Q. Whose Nobel medal was melted to stop the Nazis discovering it?

A. Max von Laue had sent his Nobel Prize gold medal to Niels Bohr's Institute of Theoretical Physics in Copenhagen for safe keeping when Nazism rose in Germany. But in 1940, Nazi Germany invaded Denmark. To protect von Laue from repercussions, Hungarian chemist George de Hevesy dissolved the medal and placed the resulting solution on a shelf in his laboratory. In 1950, de Hevesy sent the raw metal back to the Swedish Academy in Stockholm, who then recast it and presented it to von Laue a second time. 

Q. Why was the discovery of DNA’s structure controversial?

A. Although not officially credited with taking part in the work, Rosalind Franklin had taken X-ray diffraction images of DNA and suggested the helical structure prior to James Watson and Francis Crick’s discovery. The images she had taken were shown to Watson and Crick without her knowledge or approval. Both Watson and Crick later acknowledged Franklin’s vital contribution, and that they used her data and that of Maurice Wilkins to develop the hypothesis. However, by the time Watson, Crick and Wilkins won their Nobel Prize for discovering the double helix, Franklin had sadly died.

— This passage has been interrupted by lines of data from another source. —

lemma cycle_if_min_degree_two:
  assumes "simple_graph V E" and "W \<subseteq> V" and "w \<in> W"
    and two_nbrs: "\<forall>v\<in>W. \<exists>x\<in>W. \<exists>y\<in>W. x \<noteq> y \<and> E v x \<and> E v y"
  shows "\<exists>cs. is_cycle V E cs"
proof -
  have other_nbr: "\<exists>y\<in>W. E v y \<and> y \<noteq> u" if "v \<in> W" for u v
    using two_nbrs that by metis
  then obtain w' where "w' \<in> W" "E w w'"
    using \<open>w \<in> W\<close> by blast
  \<comment> \<open>walk on directed edges, never returning along the edge just used\<close>
  have "\<exists>g. \<forall>n. (fst (g n) \<in> W \<and> snd (g n) \<in> W \<and> E (fst (g n)) (snd (g n)))
              \<and> fst (g (Suc n)) = snd (g n) \<and> snd (g (Suc n)) \<noteq> fst (g n)"
  proof (rule dependent_nat_choice)
    show "\<exists>p. fst p \<in> W \<and> snd p \<in> W \<and> E (fst p) (snd p)"
      using \<open>w \<in> W\<close> \<open>w' \<in> W\<close> \<open>E w w'\<close> by auto
  next
    fix p :: "'a \<times> 'a" and n
    assume "fst p \<in> W \<and> snd p \<in> W \<and> E (fst p) (snd p)"
    then obtain y where "y \<in> W" "E (snd p) y" "y \<noteq> fst p"
      using other_nbr by blast
    then show "\<exists>q. (fst q \<in> W \<and> snd q \<in> W \<and> E (fst q) (snd q))
                   \<and> fst q = snd p \<and> snd q \<noteq> fst p"
      using \<open>fst p \<in> W \<and> snd p \<in> W \<and> E (fst p) (snd p)\<close> by (intro exI[of _ "(snd p, y)"]) auto
  qed
  then obtain g where g: "\<And>n. fst (g n) \<in> W" "\<And>n. E (fst (g n)) (snd (g n))"
    "\<And>n. fst (g (Suc n)) = snd (g n)" "\<And>n. snd (g (Suc n)) \<noteq> fst (g n)"
    by blast
  show ?thesis
  proof (rule cycle_if_nonbacktracking_walk[of W V E "fst \<circ> g"])
    show "finite W"
      using assms(1,2) by (auto simp: simple_graph_def intro: finite_subset)
  qed (use assms(1,2) g in \<open>auto simp: simple_graph_def\<close>)
qed

lemma forest_has_low_degree_vertex:
  assumes "forest V E" and "W \<subseteq> V" and "W \<noteq> {}"
  shows "\<exists>w\<in>W. \<exists>u. \<forall>x\<in>W. E w x \<longrightarrow> x = u"
proof (rule ccontr)
  assume "\<not> ?thesis"
  then have "\<forall>v\<in>W. \<exists>x\<in>W. \<exists>y\<in>W. x \<noteq> y \<and> E v x \<and> E v y"
    by metis
  with assms show False
    using cycle_if_min_degree_two[of V E W] by (auto simp: forest_def)
qed

lemma forest_leaf_support:
  assumes "forest V E" and "no_isolated V E" and "V \<noteq> {}"
  shows "\<exists>l s u. l \<in> V \<and> nbhd V E l = {s} \<and> (\<forall>x\<in>nbhd V E s. is_leaf V E x \<or> x = u)"
proof -
  have graph: "simple_graph V E"
    using assms(1) by (simp add: forest_def)
  define W where "W = V - Collect (is_leaf V E)"
  show ?thesis
  proof (cases "W = {}")
    case True
    with assms(3) obtain v s where "v \<in> V" "nbhd V E v = {s}"
      unfolding W_def is_leaf_def by blast
    moreover have "\<forall>x\<in>nbhd V E s. is_leaf V E x"
      using True nbhd_subset[of V E s] by (auto simp: W_def)
    ultimately show ?thesis
      by blast
  next
    case False
    moreover have "W \<subseteq> V"
      by (auto simp: W_def)
    ultimately obtain s u where "s \<in> W" and low: "\<forall>x\<in>W. E s x \<longrightarrow> x = u"
      using forest_has_low_degree_vertex[OF assms(1)] by blast
    have "\<not> nbhd V E s \<subseteq> W"
    proof
      assume "nbhd V E s \<subseteq> W"
      with low have "nbhd V E s \<subseteq> {u}"
        by (auto simp: nbhd_def)
      moreover have "nbhd V E s \<noteq> {}"
        using assms(2) \<open>s \<in> W\<close> by (auto simp: no_isolated_def W_def)
      ultimately show False
        using \<open>s \<in> W\<close> by (auto simp: W_def is_leaf_def subset_singleton_iff)
    qed
    then obtain l where "l \<in> nbhd V E s" "is_leaf V E l"
      using nbhd_subset[of V E s] by (auto simp: W_def)
    then have "l \<in> V" "nbhd V E l = {s}"
      using leaf_nbhd_eq[OF graph] nbhd_subset[of V E s] by auto
    moreover have "\<forall>x\<in>nbhd V E s. is_leaf V E x \<or> x = u"
      using low nbhd_subset[of V E s] by (auto simp: W_def nbhd_def)
    ultimately show ?thesis
      by blast
  qed
qed
(* Let $D\subseteq\mathbb{R}^{p+2}$ be an open set invariant under $(\mathbf{x}_p,r)\mapsto(\mathbf{x}_p,-r)$ and let $f(\mathbf{x})=F_1(\mathbf{x}')+\underline{\omega}F_2(\mathbf{x}')$ be generalized partial-slice regular on $\Omega_D$. For $k\in\mathbb{N}$ set $A_k(\mathbf{x}')=(\frac1r\partial_r)^kF_1(\mathbf{x}')$ and $B_k(\mathbf{x}')=(\partial_r\frac1r)^kF_2(\mathbf{x}')$. Then for all $k\in\mathbb{N}$ and $\mathbf{x}\in\Omega_D$, $$D_{\mathbf{x}_p}A_k(\mathbf{x}')-\partial_rB_k(\mathbf{x}')=\frac{2k}{r}B_k(\mathbf{x}'),\qquad \overline{D}_{\mathbf{x}_p}B_k(\mathbf{x}')+\partial_rA_k(\mathbf{x}')=0,$$ with values at $r=0$ understood as limits $r\to0$.
   Context: Let $\mathbb{A}$ be a real alternative algebra (the associator $[a,b,c]=(ab)c-a(bc)$ is an alternating trilinear function) with unity $1$, of finite real dimension $d>1$, equipped with an anti-involution $a\mapsto a^c$ (real linear, $a^c=a$ for real $a$, $(a^c)^c=a$, $(ab)^c=b^ca^c$). Let $t(x)=x+x^c$, $n(x)=xx^c$, $\mathbb{S}_{\mathbb{A}}=\{x: t(x)=0,\ n(x)=1\}$ (assumed nonempty) and $Q_{\mathbb{A}}=\mathbb{R}\cup\{x: t(x)\in\mathbb{R},\ n(x)\in\mathbb{R},\ 4n(x)>t(x)^2\}$. Let $M$ be a real subspace with $\mathbb{R}\subsetneq M\subseteq Q_{\mathbb{A}}$ having a basis $(v_0,\dots,v_m)$, $m\ge1$, $v_0=1$, $v_s\in\mathbb{S}_{\mathbb{A}}$, $v_sv_t=-v_tv_s$ for distinct $s,t\ge1$; complete it to a basis of $\mathbb{A}$ with associated Euclidean norm. Identify $x=\sum x_sv_s\in M$ with $(x_0,\dots,x_m)\in\mathbb{R}^{m+1}$; differentiate componentwise. Fix $p\in\{0,\dots,m-1\}$, $q=m-p$; $\mathbf{x}=\mathbf{x}_p+\underline{\mathbf{x}}_q$ with $\mathbf{x}_p=\sum_{s=0}^px_sv_s\in\mathbb{R}^{p+1}$, $\underline{\mathbf{x}}_q=\sum_{s=p+1}^m x_sv_s$; $\mathbb{S}=\{\sum_{s=p+1}^m x_sv_s:\sum x_s^2=1\}$; $\underline{\mathbf{x}}_q=r\underline{\omega}$, $r=|\underline{\mathbf{x}}_q|$; $\mathbf{x}'=(\mathbf{x}_p,r)$. $D_{\mathbf{x}_p}f=\sum_{s=0}^p v_s\partial_{x_s}f$, $\overline{D}_{\mathbf{x}_p}f=\partial_{x_0}f-\sum_{s=1}^pv_s\partial_{x_s}f$; $(\partial_r\frac1r)G=\partial_r(G/r)$. $\Omega_D=\{\mathbf{x}_p+r\underline{\omega}:(\mathbf{x}_p,r)\in D,\ r\ge0,\ \underline{\omega}\in\mathbb{S}\}$. A stem function $(F_1,F_2):D\to\mathbb{A}^2$ has $F_1$ even and $F_2$ odd in $r$ and induces $f(\mathbf{x}_p+r\underline{\omega})=F_1(\mathbf{x}')+\underline{\omega}F_2(\mathbf{x}')$; $f$ is generalized partial-slice regular if $F\in C^1$ and $D_{\mathbf{x}_p}F_1-\partial_rF_2=0$, $\overline{D}_{\mathbf{x}_p}F_2+\partial_rF_1=0$ on $D$ (such $F_1,F_2$ are real analytic). *)

theory Defs
  imports "HOL-Analysis.Analysis"
begin

text \<open>The real alternative algebra A is modelled as a finite-dimensional real
vector space (type 'a, euclidean_space) with a bilinear product mul, a unity one
(real numbers are embedded as c *R one) and an anti-involution cj.\<close>

definition associator :: "('a::real_vector \<Rightarrow> 'a \<Rightarrow> 'a) \<Rightarrow> 'a \<Rightarrow> 'a \<Rightarrow> 'a \<Rightarrow> 'a" where
  "associator mul a b c = mul (mul a b) c - mul a (mul b c)"

definition alt_algebra_inv ::
  "('a::euclidean_space \<Rightarrow> 'a \<Rightarrow> 'a) \<Rightarrow> 'a \<Rightarrow> ('a \<Rightarrow> 'a) \<Rightarrow> bool" where
  "alt_algebra_inv mul one cj \<longleftrightarrow>
     bilinear mul \<and>
     (\<forall>x. mul one x = x \<and> mul x one = x) \<and>
     (\<forall>a b c. associator mul b a c = - associator mul a b c \<and>
              associator mul a c b = - associator mul a b c \<and>
              associator mul c b a = - associator mul a b c) \<and>
     linear cj \<and>
     (\<forall>c::real. cj (c *\<^sub>R one) = c *\<^sub>R one) \<and>
     (\<forall>x. cj (cj x) = x) \<and>
     (\<forall>x y. cj (mul x y) = mul (cj y) (cj x))"

definition is_real :: "'a::real_vector \<Rightarrow> 'a \<Rightarrow> bool" where
  "is_real one x \<longleftrightarrow> (\<exists>c::real. x = c *\<^sub>R one)"

definition trA :: "('a::real_vector \<Rightarrow> 'a) \<Rightarrow> 'a \<Rightarrow> 'a" where
  "trA cj x = x + cj x"

definition nA :: "('a \<Rightarrow> 'a \<Rightarrow> 'a) \<Rightarrow> ('a \<Rightarrow> 'a) \<Rightarrow> 'a \<Rightarrow> 'a" where
  "nA mul cj x = mul x (cj x)"

definition SA :: "('a::real_vector \<Rightarrow> 'a \<Rightarrow> 'a) \<Rightarrow> 'a \<Rightarrow> ('a \<Rightarrow> 'a) \<Rightarrow> 'a set" where
  "SA mul one cj = {x. trA cj x = 0 \<and> nA mul cj x = one}"

definition QA :: "('a::real_vector \<Rightarrow> 'a \<Rightarrow> 'a) \<Rightarrow> 'a \<Rightarrow> ('a \<Rightarrow> 'a) \<Rightarrow> 'a set" where
  "QA mul one cj = range (\<lambda>c::real. c *\<^sub>R one) \<union>
     {x. \<exists>a b::real. trA cj x = a *\<^sub>R one \<and> nA mul cj x = b *\<^sub>R one \<and> 4 * b > a\<^sup>2}"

Q. Beyond their scientific achievements, why were the Braggs ahead of their time?

A. Both Braggs built up large research groups that were highly unusual for their time – they contained a large proportion of women. Out of 18 of William’s students, 11 were female. One of these students – Kathleen Lonsdale – went on to become the joint first woman to be admitted to the Royal Society, the first female professor at University College, London, the first woman named president of the International Union of Crystallography, and the first woman to hold the post of president of the British Association for the Advancement of Science. In addition, Lawrence was a science communication pioneer, instituting a series of lectures for schools attended by some 20,000 schoolchildren per year.